RECORDS:
(* Let $G=(V,E)$ be a finite simple graph of order $n$ and let $T=n-1$. If $(s,x,y,z)$ is an optimal solution of the integer program with the constraints of the Infection Model $\mathrm{IM}(G,T)$ and objective "minimize $\sum_{v\in V}s_v+\frac{z}{2T}$", then $C=\{v\in V\colon s_v=1\}$ is a minimum zero forcing set of $G$ with $\mathrm{pt}(G)=\mathrm{pt}(G,C)=z$.
   Context: Zero forcing: under the standard color change rule a filled vertex $u$ can force a non-filled vertex $v$ if $v$ is the only non-filled neighbor of $u$; $C\subseteq V$ is a zero forcing set if, starting with $C$ filled and repeatedly forcing, all of $V$ becomes filled. $\mathrm{Z}(G)$ is the minimum size of a zero forcing set; a minimum zero forcing set has size $\mathrm{Z}(G)$. The propagation time $\mathrm{pt}(G,C)$ is the smallest $t^*$ such that, starting from $C^{[0]}=C$ and setting $C^{[t]}=C^{[t-1]}\cup\{v\notin C^{[t-1]}\colon$ some $u\in C^{[t-1]}$ has $v$ as its only neighbor outside $C^{[t-1]}\}$, one has $C^{[t^*]}=V$ ($\infty$ if $C$ is not a zero forcing set). $\mathrm{pt}(G)=\min\{\mathrm{pt}(G,C)\colon C$ a minimum zero forcing set$\}$. $N(u)$ is the neighborhood of $u$. Infection Model constraints: let $A$ be the set of arcs containing both $(u,v)$ and $(v,u)$ for each edge $\{u,v\}\in E$. Variables $s_v\in\{0,1\}$ and $x_v\in\{0,1,\dots,T\}$ for $v\in V$, $y_a\in\{0,1\}$ for $a\in A$, and $z\in\{0,1,\dots,T\}$, subject to: (i) $s_v+\sum_{a=(u,v)\in A}y_a=1$ for all $v\in V$; (ii) $x_u-x_v+(T+1)y_a\leq T$ for all $a=(u,v)\in A$; (iii) $x_w-x_v+(T+1)y_a\leq T$ for all $a=(u,v)\in A$ and $w\in N(u)\setminus\{v\}$; (iv) $x_v-z\leq 0$ for all $v\in V$. *)

theory Defs
  imports Main "HOL-Library.Extended_Nat"
begin

definition simple_graph :: "'a set \<Rightarrow> ('a \<Rightarrow> 'a \<Rightarrow> bool) \<Rightarrow> bool" where
  "simple_graph V E \<longleftrightarrow> finite V \<and> (\<forall>u v. E u v \<longrightarrow> u \<in> V \<and> v \<in> V)
     \<and> (\<forall>u v. E u v \<longrightarrow> E v u) \<and> (\<forall>u. \<not> E u u)"
lemma functional_pos_part_scaleR:
  assumes f: "bounded_linear f" and "0 < c" and "0 \<le> (x::'a)"
  shows "functional_pos_part f (c *\<^sub>R x) = c * functional_pos_part f x"
proof (rule antisym)
  interpret f: bounded_linear f by (fact f)
  have scaled: "0 \<le> c *\<^sub>R z \<and> c *\<^sub>R z \<le> c *\<^sub>R x \<longleftrightarrow> 0 \<le> z \<and> z \<le> x" for z
    using scaleR_le_scaleR_iff[OF \<open>0 < c\<close>, of 0 z] scaleR_le_scaleR_iff[OF \<open>0 < c\<close>, of z x]
    by simp
  show "functional_pos_part f (c *\<^sub>R x) \<le> c * functional_pos_part f x"
  proof (rule functional_pos_part_least)
    show "0 \<le> c *\<^sub>R x"
      using scaled[of x] \<open>0 \<le> x\<close> by simp
    fix z assume "0 \<le> z" and "z \<le> c *\<^sub>R x"
    then have "f (inverse c *\<^sub>R z) \<le> functional_pos_part f x"
      using scaled[of "inverse c *\<^sub>R z"] \<open>0 < c\<close>
      by (intro functional_pos_part_upper[OF f]) auto
    then show "f z \<le> c * functional_pos_part f x"
      using \<open>0 < c\<close> by (simp add: f.scaleR field_simps)
  qed
  have "functional_pos_part f x \<le> functional_pos_part f (c *\<^sub>R x) / c"
  proof (rule functional_pos_part_least[OF \<open>0 \<le> x\<close>])
    fix z assume "0 \<le> z" and "z \<le> x"
    then have "f (c *\<^sub>R z) \<le> functional_pos_part f (c *\<^sub>R x)"
      using scaled[of z] by (intro functional_pos_part_upper[OF f]) auto
    then show "f z \<le> functional_pos_part f (c *\<^sub>R x) / c"
      using \<open>0 < c\<close> by (simp add: f.scaleR field_simps)
  qed
  then show "c * functional_pos_part f x \<le> functional_pos_part f (c *\<^sub>R x)"
    using \<open>0 < c\<close> by (simp add: field_simps)
qed

lemma bounded_linear_diff_positive_functionals:
  assumes f: "bounded_linear (f::'a \<Rightarrow> real)"
  obtains g where "positive_functional g" and "positive_functional (\<lambda>x. g x - f x)"
proof -
  interpret f: bounded_linear f by (fact f)
  obtain K where "0 \<le> K" and K: "\<And>x. norm (f x) \<le> norm x * K"
    using f.nonneg_bounded by blast
  have "functional_pos_part f x \<le> K * norm x" if "0 \<le> x" for x
  proof (rule functional_pos_part_least[OF that])
    fix y assume "0 \<le> y" and "y \<le> x"
    have "f y \<le> norm y * K"
      using K[of y] by simp
    also have "\<dots> \<le> norm x * K"
      using norm_le_norm_of_nonneg[OF \<open>0 \<le> y\<close> \<open>y \<le> x\<close>] \<open>0 \<le> K\<close>
      by (rule mult_right_mono)
    finally show "f y \<le> K * norm x"
      by (simp add: mult.commute)
  qed
  moreover have "0 \<le> functional_pos_part f x" if "0 \<le> x" for x
    using functional_pos_part_upper[OF f order_refl that] by (simp add: f.zero)
  ultimately obtain g where g: "positive_functional g"
    and g_eq: "\<And>x. 0 \<le> x \<Longrightarrow> g x = functional_pos_part f x"
    using positive_functional_extension[OF functional_pos_part_add[OF f]
        functional_pos_part_scaleR[OF f] _ _ \<open>0 \<le> K\<close>]
    by blast
  have "positive_functional (\<lambda>x. g x - f x)"
    using g bounded_linear_sub[OF _ f] functional_pos_part_upper[OF f _ order_refl] g_eq
    by (simp add: positive_functional_def)
  with g show thesis
    by (rule that)
qed

lemma weak_conv_zero_iff_positive_functionals:
  "weak_conv z (0::'a) F \<longleftrightarrow> (\<forall>h. positive_functional h \<longrightarrow> ((\<lambda>i. h (z i)) \<longlongrightarrow> 0) F)"
proof
  assume "weak_conv z 0 F"
  then show "\<forall>h. positive_functional h \<longrightarrow> ((\<lambda>i. h (z i)) \<longlongrightarrow> 0) F"
    by (auto simp: weak_conv_def positive_functional_def linear_0[OF bounded_linear.linear])
next
  assume pos: "\<forall>h. positive_functional h \<longrightarrow> ((\<lambda>i. h (z i)) \<longlongrightarrow> 0) F"
  show "weak_conv z 0 F"
    unfolding weak_conv_def
  proof (intro allI impI)
    fix f :: "'a \<Rightarrow> real"
    assume f: "bounded_linear f"
    obtain g where "positive_functional g" and "positive_functional (\<lambda>x. g x - f x)"
      using bounded_linear_diff_positive_functionals[OF f] .
    with pos have "((\<lambda>i. g (z i) - (g (z i) - f (z i))) \<longlongrightarrow> 0 - 0) F"
      by (intro tendsto_diff) auto
    then show "((\<lambda>i. f (z i)) \<longlongrightarrow> f 0) F"
      using f by (simp add: linear_0[OF bounded_linear.linear])
  qed
qed

lemma mw_conv_iff_positive_functionals:
  "mw_conv xs (x::'a) F \<longleftrightarrow>
    (\<forall>u h. 0 \<le> u \<longrightarrow> positive_functional h \<longrightarrow> ((\<lambda>i. h (labs (xs i - x) * u)) \<longlongrightarrow> 0) F)"
  unfolding mw_conv_def weak_conv_zero_iff_positive_functionals by blast
(* Let $N_\mathrm{t},N_\mathrm{r}\ge1$ and let $\mathbf{H}\in\mathbb{C}^{N_\mathrm{r}\times N_\mathrm{t}}$ have i.i.d. entries distributed as $\mathcal{CN}(0,1)$. Let $\check{\mathbf{x}}_k,\check{\mathbf{x}}_{k'}\in\{-1,+1\}^{N_\mathrm{t}}$ (BPSK labels) differ in exactly $d$ coordinates, $1\le d\le N_\mathrm{t}$, and set $\mathbf{g}_k=\mathbf{H}\check{\mathbf{x}}_k$, $\mathbf{g}_{k'}=\mathbf{H}\check{\mathbf{x}}_{k'}$. Then $$\mathbb{P}\big[\operatorname{sign}(\mathbf{g}_k)=\operatorname{sign}(\mathbf{g}_{k'})\big]=\left[\frac{2}{\pi}\arctan\sqrt{\frac{N_\mathrm{t}-d}{d}}\right]^{2N_\mathrm{r}}.$$
   Context: For real $a$, $\operatorname{sign}(a)=+1$ if $a\ge0$ and $-1$ if $a<0$; for complex $a$, $\operatorname{sign}(a)=\operatorname{sign}(\Re\{a\})+j\operatorname{sign}(\Im\{a\})$; on vectors it acts element-wise. *)

theory Defs
  imports "HOL-Probability.Probability"
begin

definition rsign :: "real \<Rightarrow> real" where
  "rsign a = (if a \<ge> 0 then 1 else -1)"

definition csign :: "complex \<Rightarrow> complex" where
  "csign z = Complex (rsign (Re z)) (rsign (Im z))"

text \<open>CN(0,1): the 2 Nr Nt real random variables Re (H i j), Im (H i j)
  are mutually independent, each distributed N(0, 1/2).\<close>
definition iid_CN_matrix ::
  "'a measure \<Rightarrow> nat \<Rightarrow> nat \<Rightarrow> (nat \<Rightarrow> nat \<Rightarrow> 'a \<Rightarrow> complex) \<Rightarrow> bool" where
  "iid_CN_matrix M Nr Nt H \<longleftrightarrow>
     prob_space.indep_vars M (\<lambda>_. borel)
       (\<lambda>(i, j, b) \<omega>. if b then Re (H i j \<omega>) else Im (H i j \<omega>))
       ({..<Nr} \<times> {..<Nt} \<times> (UNIV :: bool set)) \<and>
     (\<forall>i<Nr. \<forall>j<Nt.
        distributed M lborel (\<lambda>\<omega>. Re (H i j \<omega>)) (\<lambda>x. ennreal (normal_density 0 (sqrt (1/2)) x)) \<and>
        distributed M lborel (\<lambda>\<omega>. Im (H i j \<omega>)) (\<lambda>x. ennreal (normal_density 0 (sqrt (1/2)) x)))"

definition mat_vec :: "nat \<Rightarrow> (nat \<Rightarrow> nat \<Rightarrow> complex) \<Rightarrow> (nat \<Rightarrow> real) \<Rightarrow> nat \<Rightarrow> complex" where
  "mat_vec Nt A x i = (\<Sum>j<Nt. A i j * complex_of_real (x j))"

end

theory Submission
  imports Defs "HOL-Real_Asymp.Real_Asymp"
begin

text \<open>
  Real and imaginary parts of the rows of \<open>H\<close> give \<open>2 N\<^sub>r\<close> independent real rows of \<open>N\<^sub>t\<close>
  i.i.d. \<open>N(0, 1/2)\<close> entries, and the event is the conjunction of one sign event per row.
  Splitting a row's inner products with \<open>x\<close> and \<open>x'\<close> along the coordinates where the labels
  agree or differ writes them as \<open>U + V\<close> and \<open>U - V\<close> with independent centred normals \<open>U\<close>, \<open>V\<close>
  of variances \<open>(N\<^sub>t - d)/2\<close> and \<open>d/2\<close>. Up to a null set the signs agree iff \<open>|V/U| < 1\<close>,
  and \<open>V/U\<close> is Cauchy with scale \<open>\<surd>(d/(N\<^sub>t - d))\<close>, which gives the factor
  \<open>(2/\<pi>) arctan \<surd>((N\<^sub>t - d)/d)\<close> per row.
\<close>

lemma nn_integral_mult_exp_neg_square_nonneg:
  fixes a :: real assumes a: "0 < a"
  shows "(\<integral>\<^sup>+u. ennreal (u * exp (- a * u\<^sup>2)) * indicator {0..} u \<partial>lborel) = ennreal (1 / (2 * a))"
proof -
  have "(\<integral>\<^sup>+u. ennreal (u * exp (- a * u\<^sup>2)) * indicator {0..} u \<partial>lborel)
      = ennreal (0 - (- exp (- a * 0\<^sup>2) / (2 * a)))"
  proof (rule nn_integral_FTC_atLeast)
    show "((\<lambda>u. - exp (- a * u\<^sup>2) / (2 * a)) \<longlongrightarrow> 0) at_top"
      using a by real_asymp
  qed (use a in \<open>auto intro!: derivative_eq_intros simp: field_simps\<close>)
  then show ?thesis by simp
qed
lemma independent_vectors_span_unit_vectors:
  fixes G :: "nat \<Rightarrow> nat \<Rightarrow> real"
  assumes indep: "\<forall>c :: nat \<Rightarrow> real. (\<forall>i<n. (\<Sum>j<n. c j * G j i) = 0) \<longrightarrow> (\<forall>j<n. c j = 0)"
  shows "\<exists>a :: nat \<Rightarrow> nat \<Rightarrow> real. \<forall>i<n. \<forall>k<n. (\<Sum>j<n. a j k * G j i) = (if i = k then 1 else 0)"
proof -
  define M :: "real mat" where "M = mat n n (\<lambda>(i, j). G j i)"
  have M: "M \<in> carrier_mat n n" by (simp add: M_def)
  have "det M \<noteq> 0"
  proof
    assume "det M = 0"
    then obtain v where v: "v \<in> carrier_vec n" "v \<noteq> 0\<^sub>v n" "M *\<^sub>v v = 0\<^sub>v n"
      using det_0_iff_vec_prod_zero[OF M] by blast
    have "(\<Sum>j<n. v $ j * G j i) = 0" if i: "i < n" for i
    proof -
      have "(M *\<^sub>v v) $ i = 0" using v(3) i by simp
      then show ?thesis
        using i v(1) by (simp add: M_def mult_mat_vec_def scalar_prod_def lessThan_atLeast0 mult.commute)
    qed
    then have "\<forall>j<n. v $ j = 0" using indep[rule_format, of "\<lambda>j. v $ j"] by blast
    then have "v = 0\<^sub>v n" using v(1) by (intro eq_vecI) auto
    then show False using v(2) by simp
  qed
  then have "M \<in> Units (ring_mat TYPE(real) n undefined)"
    by (rule det_non_zero_imp_unit[OF M])
  then obtain B where B: "B \<in> carrier_mat n n" "M * B = 1\<^sub>m n"
    unfolding Units_def ring_mat_def by auto
  have "(\<Sum>j<n. B $$ (j, k) * G j i) = (if i = k then 1 else 0)" if "i < n" "k < n" for i k
  proof -
    have "(M * B) $$ (i, k) = (\<Sum>j<n. B $$ (j, k) * G j i)"
      using that B(1) by (simp add: M_def scalar_prod_def lessThan_atLeast0 mult.commute)
    then show ?thesis using B(2) that by simp
  qed
  then show ?thesis by (intro exI[of _ "\<lambda>j k. B $$ (j, k)"]) simp
qed

text \<open>The matrix \<open>a\<close> maps a point to its real coordinates with respect to the generators.\<close>
lemma is_latticeE:
  assumes "is_lattice n L"
  obtains G a :: "nat \<Rightarrow> nat \<Rightarrow> real" where
    "\<forall>c :: nat \<Rightarrow> real. (\<forall>i<n. (\<Sum>j<n. c j * G j i) = 0) \<longrightarrow> (\<forall>j<n. c j = 0)"
    "L = {x. \<exists>z. (\<forall>j<n. z j \<in> \<int>) \<and> x = (\<lambda>i\<in>{..<n}. \<Sum>j<n. z j * G j i)}"
    "\<And>y i. i < n \<Longrightarrow> (\<Sum>j<n. (\<Sum>k<n. a j k * y k) * G j i) = y i"
proof -
  obtain G :: "nat \<Rightarrow> nat \<Rightarrow> real" where
    indep: "\<forall>c :: nat \<Rightarrow> real. (\<forall>i<n. (\<Sum>j<n. c j * G j i) = 0) \<longrightarrow> (\<forall>j<n. c j = 0)" and
    L: "L = {x. \<exists>z. (\<forall>j<n. z j \<in> \<int>) \<and> x = (\<lambda>i\<in>{..<n}. \<Sum>j<n. z j * G j i)}"
    using assms unfolding is_lattice_def by blast
  obtain a where a: "\<forall>i<n. \<forall>k<n. (\<Sum>j<n. a j k * G j i) = (if i = k then 1 else 0)"
    using independent_vectors_span_unit_vectors[OF indep] by blast
  have coord: "(\<Sum>j<n. (\<Sum>k<n. a j k * y k) * G j i) = y i" if i: "i < n" for y i
  proof -
    have "(\<Sum>j<n. (\<Sum>k<n. a j k * y k) * G j i) = (\<Sum>j<n. \<Sum>k<n. y k * (a j k * G j i))"
      by (simp add: sum_distrib_left sum_distrib_right mult_ac)
    also have "\<dots> = (\<Sum>k<n. y k * (\<Sum>j<n. a j k * G j i))"
      by (subst sum.swap) (simp add: sum_distrib_left)
    also have "\<dots> = (\<Sum>k<n. if k = i then y k else 0)"
      using a i by (intro sum.cong) auto
    also have "\<dots> = y i" using i by simp
    finally show ?thesis .
  qed
  show ?thesis by (rule that[OF indep L coord])
qed

lemma lattice_min_norm:
  assumes "is_lattice n L"
  shows "\<exists>r>0. \<forall>l\<in>L - {\<lambda>i\<in>{..<n}. 0}. r \<le> vnorm n l"
proof -
  obtain G a where
    indep: "\<forall>c :: nat \<Rightarrow> real. (\<forall>i<n. (\<Sum>j<n. c j * G j i) = 0) \<longrightarrow> (\<forall>j<n. c j = 0)" and
    L: "L = {x. \<exists>z. (\<forall>j<n. z j \<in> \<int>) \<and> x = (\<lambda>i\<in>{..<n}. \<Sum>j<n. z j * G j i)}" and
    coord: "\<And>y i. i < n \<Longrightarrow> (\<Sum>j<n. (\<Sum>k<n. a j k * y k) * G j i) = y i"
    using is_latticeE[OF assms] by blast
  \<comment> \<open>A nonzero lattice point has an integer coordinate of modulus at least 1,
    while all its coordinates are bounded by \<open>K \<parallel>l\<parallel>\<close>.\<close>
  define K where "K = 1 + (\<Sum>j<n. \<Sum>k<n. \<bar>a j k\<bar>)"
  have K: "K \<ge> 1" unfolding K_def by (simp add: sum_nonneg)
  have "1 / K \<le> vnorm n l" if l: "l \<in> L - {\<lambda>i\<in>{..<n}. 0}" for l
  proof -
    obtain z where z: "\<forall>j<n. z j \<in> \<int>" and lz: "l = (\<lambda>i\<in>{..<n}. \<Sum>j<n. z j * G j i)"
      using l L by blast
    have "\<exists>j<n. z j \<noteq> 0"
    proof (rule ccontr)
      assume "\<not> (\<exists>j<n. z j \<noteq> 0)"
      then have "l = (\<lambda>i\<in>{..<n}. 0)" unfolding lz by (intro restrict_ext sum.neutral) auto
      then show False using l by blast
    qed
    then obtain j where j: "j < n" "z j \<noteq> 0" by blast
    have "(\<Sum>j<n. ((\<Sum>k<n. a j k * l k) - z j) * G j i) = 0" if i: "i < n" for i
    proof -
      have "(\<Sum>j<n. (\<Sum>k<n. a j k * l k) * G j i) = l i" by (rule coord[OF i])
      moreover have "(\<Sum>j<n. z j * G j i) = l i" using i lz by simp
      ultimately show ?thesis by (simp add: left_diff_distrib sum_subtractf)
    qed
    then have tz: "(\<Sum>k<n. a j k * l k) = z j"
      using indep[rule_format, of "\<lambda>j. (\<Sum>k<n. a j k * l k) - z j"] j(1) by simp
    have "1 \<le> \<bar>z j\<bar>" using j(2) z j(1) by (metis Ints_nonzero_abs_ge1)
    also have "\<dots> = \<bar>\<Sum>k<n. a j k * l k\<bar>" using tz by simp
    also have "\<dots> \<le> (\<Sum>k<n. \<bar>a j k\<bar> * vnorm n l)"
      by (rule order_trans[OF sum_abs]) (auto simp: abs_mult intro!: sum_mono mult_left_mono abs_le_vnorm)
    also have "\<dots> \<le> K * vnorm n l"
    proof -
      have "(\<Sum>k<n. \<bar>a j k\<bar>) \<le> (\<Sum>j<n. \<Sum>k<n. \<bar>a j k\<bar>)"
        using j(1) by (intro member_le_sum[where f="\<lambda>j. \<Sum>k<n. \<bar>a j k\<bar>"]) (auto simp: sum_nonneg)
      then show ?thesis
        unfolding sum_distrib_right[symmetric] K_def by (intro mult_right_mono vnorm_nonneg) simp
    qed
    finally show ?thesis using K by (simp add: field_simps)
  qed
  moreover have "1 / K > 0" using K by simp
  ultimately show ?thesis by blast
qed
(* Let $(U_0,\dots,U_n)$ be the urn process. For $0\le k\le l\le n$, \[ \mathbf E(U_k)=\frac{k(n-k)}{n-1},\qquad \mathbf{Cov}(U_k,U_l)=\frac{k(k-1)(n-l)(n-l-1)}{(n-1)^2(n-2)}. \]
   Context: Urn process: let $n\ge3$. An urn initially contains $n$ black balls. It is emptied in $n$ steps: in each of the first $n-1$ steps a uniformly random pair of balls is removed from the urn and replaced by one red ball; in step $n$ the last remaining ball is removed. $U_k$ is the number of red balls in the urn after $k$ steps, $0\le k\le n$. Equivalently, $(U_k)$ is the Markov chain with $U_0=0$ and $\mathbf P(U_{k+1}=u-1\mid U_k=u)=\binom u2/\binom{n-k}2$, $\mathbf P(U_{k+1}=u\mid U_k=u)=u(n-k-u)/\binom{n-k}2$, $\mathbf P(U_{k+1}=u+1\mid U_k=u)=\binom{n-k-u}2/\binom{n-k}2$ (for $k\le n-2$), and $U_n=0$. *)

theory Defs
  imports "HOL-Probability.Probability"
begin

text \<open>After k steps the urn holds n - k balls, of which
  u are red; balls are labelled 0..<n-k, the red ones being 0..<u. For k+2 \<le> n a
  uniformly random 2-element subset of the balls is removed and replaced by one red
  ball; the new number of red balls is u + 1 - (number of red balls removed).
  In step n (k = n-1) the last ball is removed, so U_n = 0.\<close>
definition urn_step :: "nat \<Rightarrow> nat \<Rightarrow> nat \<Rightarrow> nat pmf" where
  "urn_step n k u =
     (if k + 2 \<le> n then
        map_pmf (\<lambda>S. u + 1 - card (S \<inter> {..<u}))
          (pmf_of_set {S. S \<subseteq> {..<n - k} \<and> card S = 2})
      else return_pmf 0)"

YOUR INSTRUCTIONS:
Could you repeat exactly the lines in the listing above from the one with "Splitting a row's" down to the one with "fixes a :: real"? Include both of those lines.

RESPONSE FOR THIS EXERCISE:
  Splitting a row's inner products with \<open>x\<close> and \<open>x'\<close> along the coordinates where the labels
  agree or differ writes them as \<open>U + V\<close> and \<open>U - V\<close> with independent centred normals \<open>U\<close>, \<open>V\<close>
  of variances \<open>(N\<^sub>t - d)/2\<close> and \<open>d/2\<close>. Up to a null set the signs agree iff \<open>|V/U| < 1\<close>,
  and \<open>V/U\<close> is Cauchy with scale \<open>\<surd>(d/(N\<^sub>t - d))\<close>, which gives the factor
  \<open>(2/\<pi>) arctan \<surd>((N\<^sub>t - d)/d)\<close> per row.
\<close>

lemma nn_integral_mult_exp_neg_square_nonneg:
  fixes a :: real assumes a: "0 < a"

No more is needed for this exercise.